Anthology of Computers and the Humanities · Volume 3

Digging Through Garbage: Detection of ‘Garbage’ Words in Digitized Historical Documents

Mirjam Cuper1 ORCID and Ethan den Boer2 ORCID

  • 1 Research Department, KB, The National Library of The Netherlands, The Hague, The Netherlands
  • 2 Independent researcher, Rotterdam, The Netherlands

Permanent Link: https://doi.org/10.63744/wD9bYr0WxUTa

Published: 21 November 2025

Keywords: Digital Heritage, OCR Quality, Garbage Detection

Abstract

Digitized historical heritage is widely available, and the need for high-quality material is increasing. However, there are still some unsolved Optical Character Recognition (OCR) problems. Approaches have arisen to correct such problems after digitization, with the use of automatic post-processing.

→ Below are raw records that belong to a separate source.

(* Let $\mathcal{T}=(X,\mathcal{B},\mathcal{G})$ be a $\mathrm{TD}_\lambda(\ell,s)$ and let $q=p^e$ with $p$ prime. If $p\nmid \lambda s$, then $$\mathrm{Code}_q(\mathcal{T})\subseteq\{c\in\mathbb{F}_q^{X}:\ \text{for every } G\in\mathcal{G},\ c_{|G}\in\mathrm{Rep}(s)\},$$ where $\mathrm{Rep}(s)$ is the repetition code of length $s$ (i.e. $c$ is constant on each group). In particular, if $p\nmid\lambda s$ then $\dim_{\mathbb{F}_q}\mathrm{Code}_q(\mathcal{T})\le\ell$.
   Context: A transversal design $\mathrm{TD}_\lambda(\ell,s)$ ($s,\ell\ge2$, $\lambda\ge1$) is a triple $(X,\mathcal{B},\mathcal{G})$ where $X$ is a finite set of points, $\mathcal{B}$ a collection of subsets of $X$ (blocks), and $\mathcal{G}=\{G_1,\dots,G_\ell\}$ a partition of $X$ (groups) such that $|X|=\ell s$, every group has size $s$, every block has size $\ell$, and every unordered pair of distinct points of $X$ is contained either in one group and no block, or in no group and exactly $\lambda$ blocks. For a block design $(X,\mathcal{B})$, $\mathrm{Code}_q$ of the design is the $\mathbb{F}_q$-linear code $\{c\in\mathbb{F}_q^X:\ \sum_{x\in B}c_x=0\ \forall B\in\mathcal{B}\}$. For $c\in\mathbb{F}_q^X$ and $T\subseteq X$, $c_{|T}=(c_t)_{t\in T}$. *)

theory Defs
  imports Complex_Main "HOL-Library.Multiset" "HOL-Library.Disjoint_Sets" "HOL-Library.FuncSet" "HOL-Library.Function_Algebras"
          "HOL-Computational_Algebra.Primes"
begin

definition transversal_design ::
  "nat \<Rightarrow> nat \<Rightarrow> nat \<Rightarrow> 'x set \<Rightarrow> 'x set multiset \<Rightarrow> 'x set set \<Rightarrow> bool" where
  "transversal_design lam l s X B G \<longleftrightarrow>
     s \<ge> 2 \<and> l \<ge> 2 \<and> lam \<ge> 1 \<and>
     finite X \<and> card X = l * s \<and>
     partition_on X G \<and> card G = l \<and> (\<forall>g\<in>G. card g = s) \<and>
     (\<forall>b\<in>#B. b \<subseteq> X \<and> card b = l) \<and>
     (\<forall>x\<in>X. \<forall>y\<in>X. x \<noteq> y \<longrightarrow>
        ((\<exists>g\<in>G. x \<in> g \<and> y \<in> g) \<and> size (filter_mset (\<lambda>b. x \<in> b \<and> y \<in> b) B) = 0) \<or>
        (\<not> (\<exists>g\<in>G. x \<in> g \<and> y \<in> g) \<and> size (filter_mset (\<lambda>b. x \<in> b \<and> y \<in> b) B) = lam))"

text \<open>F_q^X is represented as functions vanishing outside X.\<close>
definition design_code :: "'x set \<Rightarrow> 'x set multiset \<Rightarrow> ('x \<Rightarrow> 'a::field) set" where
  "design_code X B = {c. (\<forall>x. x \<notin> X \<longrightarrow> c x = 0) \<and> (\<forall>b\<in>#B. (\<Sum>x\<in>b. c x) = 0)}"

definition rep_code :: "'x set \<Rightarrow> ('x \<Rightarrow> 'a) set" where
  "rep_code T = {v \<in> extensional T. \<exists>a. \<forall>t\<in>T. v t = a}"

abbreviation fscale :: "'a::field \<Rightarrow> ('x \<Rightarrow> 'a) \<Rightarrow> ('x \<Rightarrow> 'a)" where
  "fscale c f \<equiv> (\<lambda>x. c * f x)"

end

theory Submission
  imports Defs "HOL-Number_Theory.Residues"
begin

text \<open>Summing the block equations over the blocks through a point x counts x itself
  r_x times, the other points of its group never, and every point outside that group
  exactly \<open>\<lambda>\<close> times. Taking all coordinates equal to 1 gives r_x = \<open>\<lambda>s\<close>, so a codeword c
  satisfies \<open>\<lambda>s\<close> c(x) + \<open>\<lambda>\<close> (sum of c outside the group) = 0. The second term depends only on
  the group, and \<open>\<lambda>s\<close> is invertible in a field of characteristic p when p does not divide it;
  hence c is constant on groups, and such vectors are spanned by the l group indicators.\<close>

lemma CHAR_eq_prime_if_card_prime_power:
  assumes "prime p" and "card (UNIV :: 'a::{field,finite} set) = p ^ e"
  shows "CHAR('a) = p"
proof -
  have "prime CHAR('a)"
    by (intro prime_CHAR_semidom finite_imp_CHAR_pos) simp
  moreover have "CHAR('a) dvd p ^ e"
    using CHAR_dvd_CARD[where 'a='a] assms(2) by simp
  ultimately have "CHAR('a) dvd p"
    using prime_dvd_power by blast
  with \<open>prime CHAR('a)\<close> assms(1) show ?thesis
    by (simp add: primes_dvd_imp_eq)
qed

lemma sum_mset_sum_eq_sum_replication:
  fixes f :: "'x \<Rightarrow> 'b::comm_semiring_1"
  assumes "\<forall>b\<in>#B. b \<subseteq> X" and "finite X"
  shows "(\<Sum>b\<in>#B. \<Sum>z\<in>b. f z) = (\<Sum>z\<in>X. of_nat (size (filter_mset (\<lambda>b. z \<in> b) B)) * f z)"
  using assms(1)
proof (induction B)
  case empty
  then show ?case by simp
next
  case (add b B)
  have "(\<Sum>z\<in>b. f z) = (\<Sum>z\<in>X. if z \<in> b then f z else 0)"
    using add.prems assms(2) by (simp add: sum.inter_restrict[symmetric] Int_absorb1)
  moreover have "(\<Sum>z\<in>X. of_nat (size (filter_mset (\<lambda>c. z \<in> c) (add_mset b B))) * f z)
      = (\<Sum>z\<in>X. if z \<in> b then f z else 0) + (\<Sum>z\<in>X. of_nat (size (filter_mset (\<lambda>c. z \<in> c) B)) * f z)"
    unfolding sum.distrib[symmetric] by (rule sum.cong) (auto simp: algebra_simps)
  ultimately show ?case
    using add by simp
qed

lemma partition_on_part_unique:
  assumes "partition_on X G" "g \<in> G" "g' \<in> G" "x \<in> g" "x \<in> g'"
  shows "g = g'"
  using disjointD[OF partition_onD2[OF assms(1)] assms(2,3)] assms(4,5) by blast

lemma transversal_design_pair_count:
  assumes TD: "transversal_design lam l s X B G"
    and g: "g \<in> G" "x \<in> g" and z: "z \<in> X" "z \<noteq> x"
  shows "size (filter_mset (\<lambda>b. x \<in> b \<and> z \<in> b) B) = (if z \<in> g then 0 else lam)"
proof -
  have part: "partition_on X G"
    and pairs: "\<forall>x\<in>X. \<forall>y\<in>X. x \<noteq> y \<longrightarrow>
        ((\<exists>g\<in>G. x \<in> g \<and> y \<in> g) \<and> size (filter_mset (\<lambda>b. x \<in> b \<and> y \<in> b) B) = 0) \<or>
        (\<not> (\<exists>g\<in>G. x \<in> g \<and> y \<in> g) \<and> size (filter_mset (\<lambda>b. x \<in> b \<and> y \<in> b) B) = lam)"
    using TD unfolding transversal_design_def by blast+
  have "x \<in> X"
    using partition_onD1[OF part] g by blast
  have "((\<exists>g'\<in>G. x \<in> g' \<and> z \<in> g') \<and> size (filter_mset (\<lambda>b. x \<in> b \<and> z \<in> b) B) = 0) \<or>
      (\<not> (\<exists>g'\<in>G. x \<in> g' \<and> z \<in> g') \<and> size (filter_mset (\<lambda>b. x \<in> b \<and> z \<in> b) B) = lam)"
    using pairs[rule_format, OF \<open>x \<in> X\<close> z(1) z(2)[symmetric]] .
  moreover have "(\<exists>g'\<in>G. x \<in> g' \<and> z \<in> g') \<longleftrightarrow> z \<in> g"
    using partition_on_part_unique[OF part] g by blast
  ultimately show ?thesis
    by argo
qed

lemma transversal_design_sum_blocks_through_point:
  fixes f :: "'x \<Rightarrow> 'b::comm_semiring_1"
  assumes TD: "transversal_design lam l s X B G" and g: "g \<in> G" "x \<in> g"
  shows "(\<Sum>b\<in>#filter_mset (\<lambda>b. x \<in> b) B. \<Sum>z\<in>b. f z)
     = of_nat (size (filter_mset (\<lambda>b. x \<in> b) B)) * f x + of_nat lam * (\<Sum>z\<in>X - g. f z)"
proof -
  have fin: "finite X" and blocks: "\<forall>b\<in>#B. b \<subseteq> X" and part: "partition_on X G"
    using TD unfolding transversal_design_def by auto
  have gX: "g \<subseteq> X"
    using partition_onD1[OF part] g(1) by blast
  define cnt where "cnt z = size (filter_mset (\<lambda>b. x \<in> b \<and> z \<in> b) B)" for z
  have "(\<Sum>b\<in>#filter_mset (\<lambda>b. x \<in> b) B. \<Sum>z\<in>b. f z) = (\<Sum>z\<in>X. of_nat (cnt z) * f z)"
    unfolding cnt_def filter_filter_mset[symmetric]
    by (rule sum_mset_sum_eq_sum_replication) (use blocks fin in auto)
  also have "\<dots> = of_nat (cnt x) * f x + (\<Sum>z\<in>g - {x}. of_nat (cnt z) * f z)
                    + (\<Sum>z\<in>X - g. of_nat (cnt z) * f z)"
    using sum.subset_diff[OF gX fin] sum.remove[OF finite_subset[OF gX fin] g(2)]
    by (metis (no_types, lifting) add.commute)
  also have "(\<Sum>z\<in>g - {x}. of_nat (cnt z) * f z) = 0"
    using transversal_design_pair_count[OF TD g] subsetD[OF gX] unfolding cnt_def
    by (intro sum.neutral) auto
  also have "(\<Sum>z\<in>X - g. of_nat (cnt z) * f z) = (\<Sum>z\<in>X - g. of_nat lam * f z)"
    using transversal_design_pair_count[OF TD g] g(2) unfolding cnt_def
    by (intro sum.cong) fastforce+
  also have "cnt x = size (filter_mset (\<lambda>b. x \<in> b) B)"
    unfolding cnt_def by simp
  finally show ?thesis
    by (simp add: sum_distrib_left)
qed

lemma transversal_design_replication_number:
  assumes TD: "transversal_design lam l s X B G" and g: "g \<in> G" "x \<in> g"
  shows "size (filter_mset (\<lambda>b. x \<in> b) B) = lam * s"
proof -
  have fin: "finite X" and l2: "l \<ge> 2" and cX: "card X = l * s" and cg: "card g = s"
    and part: "partition_on X G" and blocks: "\<forall>b\<in>#B. card b = l"
    using TD g(1) unfolding transversal_design_def by auto
  have gX: "g \<subseteq> X"
    using partition_onD1[OF part] g(1) by blast
  define r where "r = size (filter_mset (\<lambda>b. x \<in> b) B)"
  have "(\<Sum>b\<in>#filter_mset (\<lambda>b. x \<in> b) B. \<Sum>z\<in>b. (1::nat)) = r * l"
    unfolding r_def using blocks by (induction B) auto
  moreover have "card (X - g) = (l - 1) * s"
    using card_Diff_subset[OF finite_subset[OF gX fin] gX] cX cg by (simp add: diff_mult_distrib)
  ultimately have "r * l = r + lam * ((l - 1) * s)"
    using transversal_design_sum_blocks_through_point[OF TD g, of "\<lambda>_. 1::nat"]
    unfolding r_def by simp
  then have "r * (l - 1) = lam * s * (l - 1)"
    using l2 by (cases l) (auto simp: algebra_simps)
  then show ?thesis
    using l2 unfolding r_def by simp
qed

lemma transversal_design_code_constant_on_group:
  fixes c :: "'x \<Rightarrow> 'a::field"
  assumes TD: "transversal_design lam l s X B G"
    and char: "\<not> CHAR('a) dvd lam * s"
    and c: "c \<in> design_code X B" and g: "g \<in> G" "x \<in> g" "y \<in> g"
  shows "c x = c y"
proof -
  have block_sums: "\<forall>b\<in>#B. (\<Sum>z\<in>b. c z) = 0"
    using c unfolding design_code_def by blast
  have point_eq: "of_nat (lam * s) * c u = - (of_nat lam * (\<Sum>z\<in>X - g. c z))" if "u \<in> g" for u
  proof -
    have "(\<Sum>b\<in>#filter_mset (\<lambda>b. u \<in> b) B. \<Sum>z\<in>b. c z) = 0"
      using block_sums by (induction B) auto
    then show ?thesis
      using transversal_design_sum_blocks_through_point[OF TD g(1) that, of c]
        transversal_design_replication_number[OF TD g(1) that]
      by (simp add: eq_neg_iff_add_eq_0)
  qed
  have "(of_nat (lam * s) :: 'a) \<noteq> 0"
    using char of_nat_eq_0_iff_char_dvd by blast
  moreover have "of_nat (lam * s) * c x = of_nat (lam * s) * c y"
    using point_eq[OF g(2)] point_eq[OF g(3)] by (simp only:)
  ultimately show ?thesis
    by simp
qed

lemma transversal_design_code_subset_repetition:
  assumes TD: "transversal_design lam l s X B G"
    and char: "\<not> CHAR('a::field) dvd lam * s"
  shows "design_code X B \<subseteq>
    {c :: 'x \<Rightarrow> 'a. (\<forall>x. x \<notin> X \<longrightarrow> c x = 0) \<and> (\<forall>g\<in>G. restrict c g \<in> rep_code g)}"
proof (intro subsetI CollectI conjI ballI)
  fix c :: "'x \<Rightarrow> 'a" and g
  assume c: "c \<in> design_code X B"
  then show "\<forall>x. x \<notin> X \<longrightarrow> c x = 0"
    by (simp add: design_code_def)
  assume g: "g \<in> G"
  moreover have "partition_on X G"
    using TD unfolding transversal_design_def by blast
  ultimately have "g \<noteq> {}"
    using partition_onD3 by blast
  then obtain y where "y \<in> g"
    by blast
  then have "\<forall>t\<in>g. restrict c g t = c y"
    using transversal_design_code_constant_on_group[OF TD char c g] by (metis restrict_apply')
  then show "restrict c g \<in> rep_code g"
    unfolding rep_code_def using restrict_extensional by blast
qed

lemma sum_apply: "sum f A x = (\<Sum>a\<in>A. f a x)"
  by (induction A rule: infinite_finite_induct) auto

lemma vector_space_fscale: "vector_space (fscale :: 'a::field \<Rightarrow> ('x \<Rightarrow> 'a) \<Rightarrow> _)"
  by unfold_locales (auto simp: algebra_simps fun_eq_iff)

lemma dim_le_card_if_constant_on_parts:
  fixes V :: "('x \<Rightarrow> 'a::field) set"
  assumes part: "partition_on X G" and finG: "finite G"
    and V: "V \<subseteq> {c. (\<forall>x. x \<notin> X \<longrightarrow> c x = 0) \<and> (\<forall>g\<in>G. restrict c g \<in> rep_code g)}"
  shows "vector_space.dim (fscale :: 'a \<Rightarrow> ('x \<Rightarrow> 'a) \<Rightarrow> _) V \<le> card G"
proof -
  interpret vector_space "fscale :: 'a \<Rightarrow> ('x \<Rightarrow> 'a) \<Rightarrow> _"
    by (rule vector_space_fscale)
  define ind where "ind g = (\<lambda>x. if x \<in> g then (1::'a) else 0)" for g :: "'x set"
  have "c \<in> span (ind ` G)" if "c \<in> V" for c
  proof -
    have zero: "\<forall>x. x \<notin> X \<longrightarrow> c x = 0"
      and const: "\<forall>g\<in>G. \<exists>a. \<forall>t\<in>g. c t = a"
      using V that unfolding rep_code_def by auto
    have "c = (\<Sum>g\<in>G. fscale (c (SOME t. t \<in> g)) (ind g))"
    proof
      fix x
      show "c x = (\<Sum>g\<in>G. fscale (c (SOME t. t \<in> g)) (ind g)) x"
      proof (cases "x \<in> X")
        case True
        then obtain g where g: "g \<in> G" "x \<in> g"
          using partition_onD1[OF part] by blast
        have "x \<in> g' \<longleftrightarrow> g' = g" if "g' \<in> G" for g'
          using partition_on_part_unique[OF part that g(1)] g(2) by blast
        then have "(\<Sum>g'\<in>G. fscale (c (SOME t. t \<in> g')) (ind g')) x
            = (\<Sum>g'\<in>G. if g' = g then c (SOME t. t \<in> g') else 0)"
          unfolding sum_apply by (intro sum.cong refl) (simp add: ind_def)
        also have "\<dots> = c (SOME t. t \<in> g)"
          using finG g(1) by simp
        also have "\<dots> = c x"
          using const g by (metis someI)
        finally show ?thesis
          by (rule sym)
      next
        case False
        then show ?thesis
          using zero partition_onD1[OF part] by (auto simp: ind_def sum_apply)
      qed
    qed
    also have "\<dots> \<in> span (ind ` G)"
      by (intro span_sum span_scale span_base) auto
    finally show ?thesis .
  qed
  then have "dim V \<le> card (ind ` G)"
    using dim_le_card finG by blast
  also have "\<dots> \<le> card G"
    using card_image_le[OF finG] .
  finally show ?thesis .
qed

theorem mainTheorem2:
  fixes X :: "'x set" and B :: "'x set multiset" and G :: "'x set set"
    and lam l s p e :: nat
  assumes TD: "transversal_design lam l s X B G"
    and q: "prime p" "card (UNIV :: 'a set) = p ^ e"
    and ndvd: "\<not> p dvd lam * s"
  shows "design_code X B \<subseteq>
           {c :: 'x \<Rightarrow> 'a::{field,finite}. (\<forall>x. x \<notin> X \<longrightarrow> c x = 0) \<and> (\<forall>g\<in>G. restrict c g \<in> rep_code g)}
         \<and> vector_space.dim (fscale :: 'a \<Rightarrow> ('x \<Rightarrow> 'a) \<Rightarrow> _) (design_code X B :: ('x \<Rightarrow> 'a) set) \<le> l"
proof -
  have part: "partition_on X G" and finG: "finite G" and "card G = l"
    using TD finite_elements unfolding transversal_design_def by auto
  have "\<not> CHAR('a) dvd lam * s"
    using CHAR_eq_prime_if_card_prime_power[OF q] ndvd by simp
  then have subset: "design_code X B \<subseteq>
      {c :: 'x \<Rightarrow> 'a. (\<forall>x. x \<notin> X \<longrightarrow> c x = 0) \<and> (\<forall>g\<in>G. restrict c g \<in> rep_code g)}"
    by (rule transversal_design_code_subset_repetition[OF TD])
  then show ?thesis
    using dim_le_card_if_constant_on_parts[OF part finG subset] unfolding \<open>card G = l\<close>
    by (rule conjI)
qed

end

But sometimes the OCR output is of such low quality that these post-processing methods are not an option. To detect this ’garbage’ output, various ‘garbage detection’ methods have been developed, based on the English and German language. We expand upon these methods by developing a garbage detection method tailored to 17th century Dutch. Using a dataset of 6,245 17th century Dutch Newspapers for which we have both the original OCR output and the manually corrected transcriptions available, we compare various rule-based and machine learning methods. We developed a semi-automated method to create a labeled dataset for training, and we created a rule-based method tailored to 17th century Dutch. Our results show that various machine learning models outperform rule-based methods. We made our models publicly available for use by both researchers and heritage institutions.